> WORK TASK:
Where the records below show a line containing "list \<Rightarrow> 'a \<Rightarrow>", start copying; end with the line containing "w = V \<and>", and copy it too.

******************************

(* Let $G$ and $H$ be word-representable graphs with representation numbers $k_1$ and $k_2$, respectively. Then $G\,\square\,H$ is $(k_1 + k_2 + \min\{|G|,|H|\})$-representable.
   Context: All graphs are simple and undirected; $|G|$ denotes the number of vertices of $G$. Letters $x,y$ alternate in a word $w$ if deleting all other letters from $w$ yields $xyxy\ldots$ or $yxyx\ldots$ (of either parity). A word $w$ over $V(G)$ represents $G$ if every vertex occurs in $w$ and for all distinct $x,y$, $xy\in E(G)$ iff $x,y$ alternate in $w$. A word is $k$-uniform if each of its letters occurs exactly $k$ times; $G$ is $k$-representable if it is represented by some $k$-uniform word; the representation number of a word-representable graph $G$ is the least $k$ such that $G$ is $k$-representable. The Cartesian product $G\,\square\,H$ has vertex set $V(G)\times V(H)$, with $(u,v)$ adjacent to $(u',v')$ iff either $u=u'$ and $vv'\in E(H)$, or $v=v'$ and $uu'\in E(G)$. *)

theory Defs
  imports Main
begin

definition simple_graph :: "'a set \<Rightarrow> ('a \<Rightarrow> 'a \<Rightarrow> bool) \<Rightarrow> bool" where
  "simple_graph V E \<longleftrightarrow> finite V \<and> (\<forall>x y. E x y \<longrightarrow> x \<in> V \<and> y \<in> V)
     \<and> (\<forall>x y. E x y \<longrightarrow> E y x) \<and> (\<forall>x. \<not> E x x)"

fun no_adj_repeat :: "'a list \<Rightarrow> bool" where
  "no_adj_repeat [] = True"
| "no_adj_repeat [a] = True"
| "no_adj_repeat (a # b # xs) = (a \<noteq> b \<and> no_adj_repeat (b # xs))"

definition alternate :: "'a list \<Rightarrow> 'a \<Rightarrow> 'a \<Rightarrow> bool" where
  "alternate w x y \<longleftrightarrow> no_adj_repeat (filter (\<lambda>z. z = x \<or> z = y) w)"

definition represents :: "'a list \<Rightarrow> 'a set \<Rightarrow> ('a \<Rightarrow> 'a \<Rightarrow> bool) \<Rightarrow> bool" where
  "represents w V E \<longleftrightarrow> set w = V \<and>
     (\<forall>x\<in>V. \<forall>y\<in>V. x \<noteq> y \<longrightarrow> (E x y \<longleftrightarrow> alternate w x y))"

definition uniform :: "nat \<Rightarrow> 'a list \<Rightarrow> bool" where
  "uniform k w \<longleftrightarrow> (\<forall>x\<in>set w. count_list w x = k)"

definition k_representable :: "nat \<Rightarrow> 'a set \<Rightarrow> ('a \<Rightarrow> 'a \<Rightarrow> bool) \<Rightarrow> bool" where
  "k_representable k V E \<longleftrightarrow> (\<exists>w. uniform k w \<and> represents w V E)"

******************************

> RESPONSE:
definition alternate :: "'a list \<Rightarrow> 'a \<Rightarrow> 'a \<Rightarrow> bool" where
  "alternate w x y \<longleftrightarrow> no_adj_repeat (filter (\<lambda>z. z = x \<or> z = y) w)"

definition represents :: "'a list \<Rightarrow> 'a set \<Rightarrow> ('a \<Rightarrow> 'a \<Rightarrow> bool) \<Rightarrow> bool" where
  "represents w V E \<longleftrightarrow> set w = V \<and>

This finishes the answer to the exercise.